In what was pegged to be a hard-fought and tightly played defensive struggle between two of the ACHA's top teams, the No. 4 Penn State ACHA Division I Icers once again found a way to win.
The Icers were looking to shore up their defense after giving up 12 goals in three games the previous weekend, and then four more during Friday's 5-4 win against No. 1 Illinois. Icers head coach Joe Battista even said after the first game with Illinois that, "we certainly didn't play like two teams that were going to put defense first."
During Saturday's 6-3 win, the Icers found that maybe a good defense would come from a powerful offense.
Early in the game Penn State took control, keeping the puck in the Illinois zone and dominating the first five minutes of play. The scoreboard showed that the Illini had recorded only two shots at this point, but neither attempt had been a real threat to score.
Junior forward Mike McMullen said that the team's plan was to come out aggressively Saturday night against an Illini team that had lost three straight games after starting the season with an 18-game win streak.
McMullen punctuated the attacking mentality when he received the puck just outside the Illini zone on an Icers' power play seven minutes into the first period. Skating in from freshman goalie Andy Sundt's right, McMullen leaned in hard and fired a low backhand at the net. Sundt made the bad save but kicked out a juicy rebound into the slot where freshman Luke DeLorenzo pounced on it and gave the Icers a 1-0 lead.
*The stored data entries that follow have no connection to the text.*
lemma spiral_point_triple:
  assumes pos: "\<And>n. 0 < r n" and "a \<noteq> p"
    and small: "r s \<le> radius_ratio (min a p) * r a"
    and middle: "r a \<le> radius_ratio (min a p) * r p"
  defines "D \<equiv> \<lambda>m n. cmod (spiral_point r m - spiral_point r n)"
  shows "\<bar>D p a - D p s\<bar> \<le> dist_defect (min a p) * D a s"
    and "D a s \<le> D p a" and "D a s \<le> D p s"
proof -
  have norm: "cmod (spiral_point r n) = r n" for n by (simp add: norm_spiral_point less_imp_le pos)
  have "\<bar>Re (spiral_point r a * cnj (spiral_point r p))\<bar>
      = r a * r p * \<bar>cos (spiral_arg a - spiral_arg p)\<bar>"
    unfolding Re_spiral_point_mult_cnj using pos[of a] pos[of p] by (simp add: abs_mult)
  also have "\<dots> \<le> arg_gap_cos (min a p) * r a * r p"
    using abs_cos_spiral_arg_diff_le[OF \<open>a \<noteq> p\<close>] pos[of a] pos[of p]
    by (simp add: mult_left_mono mult.commute)
  finally have angle: "\<bar>Re (spiral_point r a * cnj (spiral_point r p))\<bar>
      \<le> arg_gap_cos (min a p) * r a * r p" .
  have "spiral_point r a \<noteq> 0" using norm[of a] pos[of a] by auto
  note far = far_point_dist_diff_le[of "spiral_point r a" "radius_ratio (min a p)"
      "spiral_point r p" "spiral_point r s" "arg_gap_cos (min a p)",
      unfolded norm, OF middle small radius_ratio_pos radius_ratio_le
      less_imp_le[OF arg_gap_cos_pos] angle \<open>spiral_point r a \<noteq> 0\<close>]
  show "\<bar>D p a - D p s\<bar> \<le> dist_defect (min a p) * D a s" "D a s \<le> D p a" "D a s \<le> D p s"
    using far unfolding D_def dist_defect_def by simp_all
qed
definition is_net :: "nat \<Rightarrow> nat \<Rightarrow> 'a set \<Rightarrow> (nat \<Rightarrow> 'a set set) \<Rightarrow> bool" where
  "is_net k n P Pi \<longleftrightarrow>
     finite P \<and> card P = n ^ 2 \<and>
     (\<forall>t<k. card (Pi t) = n \<and> (\<forall>L\<in>Pi t. L \<subseteq> P \<and> card L = n)) \<and>
     (\<forall>t<k. \<forall>L\<in>Pi t. \<forall>M\<in>Pi t. L \<noteq> M \<longrightarrow> L \<inter> M = {}) \<and>
     (\<forall>t<k. \<forall>s<k. t \<noteq> s \<longrightarrow> Pi t \<inter> Pi s = {}) \<and>
     card (\<Union>t<k. Pi t) = k * n \<and>
     (\<forall>p\<in>P. card {L \<in> (\<Union>t<k. Pi t). p \<in> L} = k) \<and>
     (\<forall>t<k. \<forall>s<k. t \<noteq> s \<longrightarrow> (\<forall>L\<in>Pi t. \<forall>M\<in>Pi s. card (L \<inter> M) = 1))"

text \<open>A k-net (P, Pi) is a refinement of the template F = (F 0, ..., F (k-3)) of order n:
  the lines of Pi 0 and Pi 1 can be labelled 0..n-1 (labellings l0, l1) so that for every t \<ge> 2
  each line of Pi t consists of cells on which F (t-2) is constant; the cell of a point p is (i,j)
  where p lies on l0 i and on l1 j.\<close>
definition is_refinement :: "nat \<Rightarrow> nat \<Rightarrow> (nat \<Rightarrow> nat \<Rightarrow> nat \<Rightarrow> nat) \<Rightarrow> 'a set \<Rightarrow> (nat \<Rightarrow> 'a set set) \<Rightarrow> bool" where
  "is_refinement k n F P Pi \<longleftrightarrow>
     (\<exists>l0 l1. bij_betw l0 {0..<n} (Pi 0) \<and> bij_betw l1 {0..<n} (Pi 1) \<and>
        (\<forall>t. 2 \<le> t \<and> t < k \<longrightarrow> (\<forall>L\<in>Pi t. \<forall>p\<in>L. \<forall>q\<in>L. \<forall>i j i' j'.
            i < n \<and> j < n \<and> i' < n \<and> j' < n \<and>
            p \<in> l0 i \<and> p \<in> l1 j \<and> q \<in> l0 i' \<and> q \<in> l1 j' \<longrightarrow>
            F (t - 2) i j = F (t - 2) i' j')))"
The goal was just one of DeLorenzo's four tallies on the evening and came by way of making the Illini's freshman goalie give up a big rebound.
"That's one of the things coach [Battista] went over -- he said to shoot it low," DeLorenzo said. "He felt that [Sundt] was going to put rebounds out in the slot and get rebounds, which is actually how we scored our first goal when McMullen shot it and he kicked it out to me and got a rebound."
The Icers kept up the attack, routinely drawing Illinois penalties and cashing in on the man advantage. DeLorenzo scored three goals on the power play for the Icers, and sophomore Nate Obringer added his second of two goals and the Icers' sixth of the night, just seconds after an Illinois major penalty expired early in the third period.
The constant attack of the Icers was seen as the top power play unit of DeLorenzo, McMullen, Obringer, freshman Frank Berry and sophomore defenseman Keith Jordan was consistently sent out on the ice. Not until the start of the third period, with the Icers working on a five-minute man advantage, did Battista send out a secondary lineup.
"One of the things we talked about in our pre-game meeting was developing a killer instinct," Battista said. "You get a team down by two goals, you gotta bury them."
Battista also noted how his team was able to respond every time the Illini could begin to claw their way back into the game. No event exemplified this better than Obringer's laser that beat Sundt short side above his stick midway through the second period. The goal came just 15 seconds after the Illini used a power-play goal to make it a one-goal game at 3-2. Obringer's tally put the Illini down two, a margin they would never recover from.
"We felt that if we could jump on them early, we could kind of, I don't want to say bury them, but we could get a step on them," DeLorenzo said.
A quick start and relentless attack allowed for the Icers to not only step on the No. 1 tam in the nation, but to sweep them, and make a case for their own ascent to the top of the rankings.